There is no climate emergency.
That’s the opening sentence of a letter from Professor Guus Berkhout of The Hague and 500 other scientists and climate science professionals to António Guterres, UN Secretary-General, and Patricia Espinosa Cantellano, Executive Secretary, United Nations Framework Convention on Climate Change.
Berkhout, et al., did expand on that.
The general-circulation models of climate on which international policy is at present founded are unfit for their purpose. Therefore, it is cruel as well as imprudent to advocate the squandering of trillions on the basis of results from such immature models.

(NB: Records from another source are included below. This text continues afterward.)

lemma escapes_cycle:
  assumes "walk E x (x # xs) x" "xs \<noteq> []" "set xs \<inter> W = {}"
  shows "escapes E x W"
proof -
  obtain ys where xs: "xs = ys @ [x]"
    using assms(1,2) by (cases xs rule: rev_cases) (auto simp: walk_def)
  have "(x # ys)\<^sup>\<omega> n \<in> set (x # ys)" for n
    using nth_mem[of "n mod length (x # ys)" "x # ys"] by simp
  moreover have "set (x # ys) \<inter> W = {}"
    using assms(3) xs by auto
  ultimately have "range ((x # ys)\<^sup>\<omega>) \<inter> W = {}"
    by blast
  moreover have "imaxpath E x ((x # ys)\<^sup>\<omega>)"
    using ipath_iter[of E "x # ys"] assms(1) xs by (simp add: imaxpath_def walk_def)
  ultimately show ?thesis
    unfolding escapes_def by (intro disjI2) blast
qed

lemma escapes_split:
  assumes "escapes E x A" "\<not> escapes E x B"
  shows "\<exists>w\<in>B. escapes E w A \<and> (\<exists>xs. walk E x (xs @ [w]) w \<and> set xs \<inter> B = {})"
proof -
  have fin: ?thesis if ys: "fmaxpath E x ys" "set ys \<inter> A = {}" for ys
  proof -
    have "\<exists>w\<in>set ys. w \<in> B"
      using ys assms(2) unfolding escapes_def by blast
    then obtain xs w zs where split: "ys = xs @ w # zs" "w \<in> B" "\<forall>y\<in>set xs. y \<notin> B"
      by (rule split_list_first_propE)
    then have "walk E x (xs @ [w]) w" "fmaxpath E w (w # zs)"
      using ys(1) fmaxpath_split[of E x xs w zs] by simp_all
    moreover have "set (w # zs) \<inter> A = {}"
      using ys(2) split(1) by auto
    ultimately show ?thesis
      using split(2,3) unfolding escapes_def by blast
  qed
  have inf: ?thesis if g: "imaxpath E x g" "range g \<inter> A = {}" for g
  proof -
    have "\<exists>n. g n \<in> B"
      using g assms(2) unfolding escapes_def by blast
    define n where "n = (LEAST n. g n \<in> B)"
    have "g n \<in> B"
      unfolding n_def by (rule LeastI_ex) fact
    moreover have "set (prefix n g) \<inter> B = {}"
      unfolding n_def using not_less_Least by fastforce
    moreover have "escapes E (g n) A"
      using imaxpath_suffix[OF g(1)] g(2) unfolding escapes_def suffix_def by blast
    ultimately show ?thesis
      using imaxpath_prefix[OF g(1), of n] by blast
  qed
  show ?thesis
    using assms(1) fin inf unfolding escapes_def by blast
qed

lemma unavoidable_reachable:
  assumes "\<not> escapes E x B"
  shows "\<exists>w\<in>B. \<exists>xs. walk E x (xs @ [w]) w \<and> set xs \<inter> B = {}"
  using escapes_split[OF maxpath_exists assms] by blast

definition reachable_avoiding :: "('v \<times> 'v) set \<Rightarrow> 'v \<Rightarrow> 'v \<Rightarrow> 'v \<Rightarrow> bool" where
  "reachable_avoiding E a x y \<longleftrightarrow> (\<exists>xs. walk E x xs y \<and> a \<notin> set xs)"

lemma not_reachable_avoiding_occurs_before:
  assumes "fpath E xs" "hd xs = s" "a \<in> set xs" "\<not> reachable_avoiding E a s b" "a \<noteq> b"
  shows "\<exists>j<length xs. xs ! j = a \<and> (\<forall>k\<le>j. xs ! k \<noteq> b)"
proof -
  obtain ys zs where xs: "xs = ys @ a # zs" and "a \<notin> set ys"
    using split_list_first[OF assms(3)] by blast
  have "b \<notin> set ys"
  proof
    assume "b \<in> set ys"
    then obtain ys1 ys2 where "ys = ys1 @ b # ys2"
      using split_list by fast
    then have "walk E s (ys1 @ [b]) b"
      using assms(1,2) walk_split[of E s ys1 b "ys2 @ a # zs"] xs by (simp add: walk_def)
    moreover have "a \<notin> set (ys1 @ [b])"
      using \<open>a \<notin> set ys\<close> \<open>ys = ys1 @ b # ys2\<close> assms(5) by auto
    ultimately show False
      using assms(4) unfolding reachable_avoiding_def by blast
  qed
  then have "xs ! k \<noteq> b" if "k \<le> length ys" for k
    using that assms(5) nth_mem[of k ys] by (cases "k = length ys") (auto simp: xs nth_append)
  then show ?thesis
    using xs by (intro exI[of _ "length ys"]) auto
qed

lemma all_before_not_reachable_avoiding:
  assumes before: "all_before E s a b"
  shows "\<not> reachable_avoiding E a s b"
proof
  assume "reachable_avoiding E a s b"
  then obtain xs' where walk': "walk E s xs' b" "a \<notin> set xs'"
    unfolding reachable_avoiding_def by blast
  obtain xs where "xs' = xs @ [b]"
    using walk'(1) by (rule walk_snocE)
  with walk' have walk: "walk E s (xs @ [b]) b" and "a \<notin> set xs"
    by auto
  have b_first: "\<exists>k\<le>j. \<rho> k = b" if "\<rho> j = a" "\<And>k. k < length xs \<Longrightarrow> \<rho> k = xs ! k"
    "\<rho> (length xs) = b" for \<rho> :: "nat \<Rightarrow> _" and j
    using that \<open>a \<notin> set xs\<close> nth_mem[of j xs] by (cases "j < length xs") (auto simp: not_less)
  from maxpath_exists[of E b] show False
    unfolding escapes_def
  proof (elim disjE exE conjE)
    fix ys assume "fmaxpath E b ys"
    then have "fmaxpath E s (xs @ ys)" and "hd ys = b" "ys \<noteq> []"
      using fmaxpath_prepend[OF walk] by (auto simp: fmaxpath_def fpath_def)
    then obtain j where "(xs @ ys) ! j = a" "\<forall>k\<le>j. (xs @ ys) ! k \<noteq> b"
      using before unfolding all_before_def by blast
    then show False
      using b_first[of "(!) (xs @ ys)" j] \<open>hd ys = b\<close> \<open>ys \<noteq> []\<close> by (auto simp: nth_append hd_conv_nth)
  next
    fix g assume "imaxpath E b g"
    then have "imaxpath E s (xs \<frown> g)" and "g 0 = b"
      using imaxpath_prepend[OF walk] by (auto simp: imaxpath_def)
    then obtain j where "(xs \<frown> g) j = a" "\<forall>k\<le>j. (xs \<frown> g) k \<noteq> b"
      using before unfolding all_before_def by blast
    then show False
      using b_first[of "xs \<frown> g" j] \<open>g 0 = b\<close> by auto
  qed
qed

lemma not_reachable_avoiding_all_before:
  assumes "\<not> escapes E s {a}" "a \<noteq> b" and unreachable: "\<not> reachable_avoiding E a s b"
  shows "all_before E s a b"
  unfolding all_before_def
proof (intro conjI allI impI)
  fix xs assume "fmaxpath E s xs"
  then show "\<exists>j<length xs. xs ! j = a \<and> (\<forall>k\<le>j. xs ! k \<noteq> b)"
    using not_reachable_avoiding_occurs_before[OF _ _ _ unreachable assms(2)] assms(1)
    unfolding fmaxpath_def escapes_def by blast
next
  fix g assume g: "imaxpath E s g"
  then obtain n where "g n = a"
    using assms(1) unfolding escapes_def by blast
  then obtain j where "j \<le> n" "(prefix n g @ [g n]) ! j = a" "\<forall>k\<le>j. (prefix n g @ [g n]) ! k \<noteq> b"
    using not_reachable_avoiding_occurs_before[OF _ _ _ unreachable assms(2), of "prefix n g @ [g n]"]
      imaxpath_prefix[OF g, of n]
    unfolding walk_def by (auto simp: less_Suc_eq_le)
  then show "\<exists>j. g j = a \<and> (\<forall>k\<le>j. g k \<noteq> b)"
    by (auto simp: nth_prefix_snoc)
qed

lemma all_before_iff_not_reachable_avoiding:
  assumes "\<not> escapes E s {a}" "a \<noteq> b"
  shows "all_before E s a b \<longleftrightarrow> \<not> reachable_avoiding E a s b"
  using all_before_not_reachable_avoiding[of E s a b] not_reachable_avoiding_all_before[OF assms]
  by blast

section \<open>The sets V_p, A_p and V_i\<close>

lemma Vp_iff: "y \<in> Vp V E p \<longleftrightarrow> y \<in> V \<and> \<not> escapes E p {y}"
  unfolding Vp_def escapes_def by blast

lemma interval_iff:
  "interval E W x y xs \<longleftrightarrow>
     x \<in> W \<and> y \<in> W \<and> fpath E xs \<and> (\<exists>zs. xs = x # zs @ [y] \<and> set zs \<inter> W = {})"
proof
  assume int: "interval E W x y xs"
  then obtain t where "xs = x # t" "t \<noteq> []" "last t = y"
    unfolding interval_def by (cases xs) (auto simp: Suc_le_length_iff)
  then obtain zs where xs: "xs = x # zs @ [y]"
    by (metis append_butlast_last_id)
  have "set zs \<inter> W = {}"
  proof -
    have "zs ! i \<notin> W" if "i < length zs" for i
      using int that unfolding interval_def xs by (auto dest!: spec[of _ "Suc i"] simp: nth_append)
    then show ?thesis
      by (auto simp: in_set_conv_nth)
  qed
  then show "x \<in> W \<and> y \<in> W \<and> fpath E xs \<and> (\<exists>zs. xs = x # zs @ [y] \<and> set zs \<inter> W = {})"
    using int xs unfolding interval_def by blast
next
  assume "x \<in> W \<and> y \<in> W \<and> fpath E xs \<and> (\<exists>zs. xs = x # zs @ [y] \<and> set zs \<inter> W = {})"
  then obtain zs where "x \<in> W" "y \<in> W" "fpath E xs" "xs = x # zs @ [y]" "set zs \<inter> W = {}"
    by blast
  moreover have "xs ! j \<in> set zs" if "0 < j" "j < length xs - 1" for j
    using that \<open>xs = x # zs @ [y]\<close> by (cases j) (auto simp: nth_append)
  ultimately show "interval E W x y xs"
    unfolding interval_def by auto
qed

lemma Ap_iff:
  "(x, y) \<in> Ap V E p \<longleftrightarrow> x \<in> Vp V E p \<and> y \<in> Vp V E p
     \<and> (\<exists>zs. walk E x (x # zs @ [y]) y \<and> set zs \<inter> Vp V E p = {})"
proof -
  have "(\<exists>xs. interval E W x y xs) \<longleftrightarrow> x \<in> W \<and> y \<in> W \<and> (\<exists>zs. walk E x (x # zs @ [y]) y \<and> set zs \<inter> W = {})"
    for W
    unfolding interval_iff walk_def by auto
  then show ?thesis
    unfolding Ap_def by blast
qed

lemma Vsucc_iff:
  "h \<in> Vsucc V E p s \<longleftrightarrow> h \<in> Vp V E p \<and> (\<exists>zs. walk E s (zs @ [h]) h \<and> set zs \<inter> Vp V E p = {})"
proof -
  have in_butlast: "z \<in> set (butlast xs) \<longleftrightarrow> (\<exists>j < length xs - 1. xs ! j = z)" for z and xs :: "'a list"
    by (metis in_set_conv_nth length_butlast nth_butlast)
  have "h \<in> Vsucc V E p s \<longleftrightarrow>
      h \<in> Vp V E p \<and> (\<exists>xs. walk E s xs h \<and> set (butlast xs) \<inter> Vp V E p = {})"
    unfolding Vsucc_def walk_def by (auto simp: disjoint_iff in_butlast)
  moreover have "walk E s xs h \<Longrightarrow> xs = butlast xs @ [h]" for xs
    by (metis walk_snocE butlast_snoc)
  ultimately show ?thesis
    by (metis butlast_snoc)
qed

lemma Vp_reachable: "y \<in> Vp V E p \<Longrightarrow> \<exists>xs. walk E p (xs @ [y]) y"
  using unavoidable_reachable[of E p "{y}"] by (auto simp: Vp_iff)

lemma closed_walk_visits_Vp:
  "walk E p (p # xs) p \<Longrightarrow> xs \<noteq> [] \<Longrightarrow> y \<in> Vp V E p \<Longrightarrow> y \<in> set xs"
  using escapes_cycle[of E p xs "{y}"] by (auto simp: Vp_iff)

lemma Vp_unavoidable_after_walk:
  "y \<in> Vp V E p \<Longrightarrow> walk E p (xs @ [w]) w \<Longrightarrow> y \<notin> set xs \<Longrightarrow> \<not> escapes E w {y}"
  using escapes_prepend[of E p xs w "{y}"] by (auto simp: Vp_iff)

lemma succ_p_unavoidable: "(p, s) \<in> E \<Longrightarrow> y \<in> Vp V E p - {p} \<Longrightarrow> \<not> escapes E s {y}"
  using Vp_unavoidable_after_walk[of y V E p "[p]" s] by (simp add: walk_def)

lemma Ap_succ_p_unavoidable: "(p, w) \<in> Ap V E p \<Longrightarrow> y \<in> Vp V E p - {p} \<Longrightarrow> \<not> escapes E w {y}"
  using Vp_unavoidable_after_walk[of y V E p "p # _" w] by (fastforce simp: Ap_iff)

These immature models have, in fact, consistently failed to predict the past and the present simultaneously, and they’ve badly overstated, to the point of exaggeration, the predicted future amount of global warming over each of the last 20 years.
Those models also ignore all the natural causes of what is, in fact, planetary warming: the sun has been warming for some 4.5 billion years, so of course the earth has been, also. Orbital mechanics play a significant role, too, not only our trip around the sun, but the precession of our rotational axis. We (in the northern hemisphere, where most of the land surface turns out to be—a tectonic plate motion that also plays a role in our climate evolution) currently tilt toward the sun when we’re farthest away, and tilt away from it when we’re closest. That’s why our summers and winters are so relatively temperate and close to each other in average temperatures.

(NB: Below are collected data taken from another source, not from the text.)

(* Assume that for every $y\in\mathcal Y$ the map $u\mapsto\ell(y,u)$ is convex, twice continuously differentiable and $\rho$-Lipschitz continuous ($\rho\in(0,\infty)$), that $u\mapsto s(y,u)$ is $\gamma$-Lipschitz continuous for every $y$, and that $(X_1,Y_1),\dots,(X_{n+1},Y_{n+1})$ are exchangeable and the predictor is invariant to permutations of its training data. Then for every $\alpha\in(0,1)$, $\mathbb P[Y_{n+1}\in\tilde C^{\mathrm{up},(1)}_{\lambda;\alpha}(X_{n+1})]\ge1-\alpha$, and (almost surely) $$\mathrm{THK}^{(1)}_{\lambda;\alpha}\le\mathrm{THK}^{(0)}_{\lambda;\alpha}.$$
   Context: Let $\mathcal X\subset\mathbb R^d$, $\mathcal Y\subset\mathbb R$, $D=\{(X_1,Y_1),\dots,(X_n,Y_n)\}$ i.i.d. with distribution $P$, $(X_{n+1},Y_{n+1})\sim P$ independent. $D^y=D\cup\{(X_{n+1},y)\}$. $\mathcal H$ is an RKHS with kernel $\kappa_{\mathcal H}$, $K=(\kappa_{\mathcal H}(X_i,X_j))_{1\le i,j\le n+1}$. For a loss $\ell$ and $\lambda>0$, $\hat f_{\lambda;D^y}$ minimizes $\frac1{n+1}\sum_{(x,y')\in D^y}\ell(y',f(x))+\lambda\|f\|_{\mathcal H}^2$. Scores: $S_{\lambda;D^y}(X_i,Y_i)=s(Y_i,\hat f_{\lambda;D^y}(X_i))$ ($i\le n$), $S_{\lambda;D^y}(X_{n+1},y)=s(y,\hat f_{\lambda;D^y}(X_{n+1}))$; full conformal p-value $\hat\pi_{\lambda;D}(X_{n+1},y)=\frac{1+\sum_{i\le n}\mathbb 1\{S_{\lambda;D^y}(X_i,Y_i)\ge S_{\lambda;D^y}(X_{n+1},y)\}}{n+1}$, region $\hat C_{\lambda;\alpha}(X_{n+1})=\{y:\hat\pi_{\lambda;D}>\alpha\}$. Fix $z\in\mathcal Y$; approximate scores $\tilde S_{\lambda;D^y}(X_i,Y_i)=s(Y_i,\hat f_{\lambda;D^z}(X_i))$, $\tilde S_{\lambda;D^y}(X_{n+1},y)=s(y,\hat f_{\lambda;D^z}(X_{n+1}))$. Let $\tau^{(0)}_{\lambda;i}=\sqrt{K_{i,i}K_{n+1,n+1}}\frac{\gamma\rho}{\lambda(n+1)}$, $\rho^{(1)}_\lambda(y)=\frac12|\partial_2\ell(y,\hat f_{\lambda;D^z}(X_{n+1}))-\partial_2\ell(z,\hat f_{\lambda;D^z}(X_{n+1}))|$ and $\tau^{(1)}_{\lambda;i}(y)=\sqrt{K_{i,i}K_{n+1,n+1}}\frac{\gamma\rho^{(1)}_\lambda(y)}{\lambda(n+1)}$. For $k\in\{0,1\}$ (with $\tau^{(0)}$ independent of $y$), $\tilde\pi^{\mathrm{up},(k)}_{\lambda;D}(X_{n+1},y)=\frac{1+\sum_{i=1}^n\mathbb 1\{\tilde S_{\lambda;D^y}(X_i,Y_i)+\tau^{(k)}_{\lambda;i}(y)\ge\tilde S_{\lambda;D^y}(X_{n+1},y)-\tau^{(k)}_{\lambda;n+1}(y)\}}{n+1}$, $\tilde C^{\mathrm{up},(k)}_{\lambda;\alpha}(X_{n+1})=\{y:\tilde\pi^{\mathrm{up},(k)}_{\lambda;D}(X_{n+1},y)>\alpha\}$ and $\mathrm{THK}^{(k)}_{\lambda;\alpha}=\mathcal L(\tilde C^{\mathrm{up},(k)}_{\lambda;\alpha}(X_{n+1})\setminus\hat C_{\lambda;\alpha}(X_{n+1}))$ ($\mathcal L$ Lebesgue measure). *)

theory Defs
  imports "HOL-Analysis.Analysis" "HOL-Probability.Probability"
begin

(* RKHS rendered through a feature map Phi :: 'x => 'h into a real Hilbert space 'h;
   f_w(x) = w \<bullet> Phi x, kernel kappa(x,x') = Phi x \<bullet> Phi x'.
   Data: indices 1..n are the training points, index n+1 is the test point. *)

definition kern :: "('x \<Rightarrow> 'h::real_inner) \<Rightarrow> 'x \<Rightarrow> 'x \<Rightarrow> real" where
  "kern Phi x x' = Phi x \<bullet> Phi x'"

definition reg_risk ::
  "(real \<Rightarrow> real \<Rightarrow> real) \<Rightarrow> ('x \<Rightarrow> 'h::real_inner) \<Rightarrow> real \<Rightarrow> nat
    \<Rightarrow> (nat \<Rightarrow> 'x) \<Rightarrow> (nat \<Rightarrow> real) \<Rightarrow> 'h \<Rightarrow> real" where
  "reg_risk l Phi lam n xs ys w =
     (\<Sum>i=1..n+1. l (ys i) (w \<bullet> Phi (xs i))) / real (n+1) + lam * (norm w)\<^sup>2"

Our axis precesses, though, at a rate that completes a cycle in 26,000 years. Thus, in a few thousand years (think of the time since the last Ice Age for an idea of how quick that is, geologically. It’s well inside, for instance, the rate at which our tectonic plates mosey around), we’ll tilt toward the sun at our closest approach to the sun and away from it at our farthest. Those will be some hot summers and cold winters in the northern hemisphere. Climate control that.
For all of this, though, at present we are, and for the foreseeable future (in human lifetime terms), will be some degrees cooler than the geologic warming trend line, and it’ll be a significant while before we even warm up to the level of the Medieval Warm Period or the climate extant during the height of the Roman empire.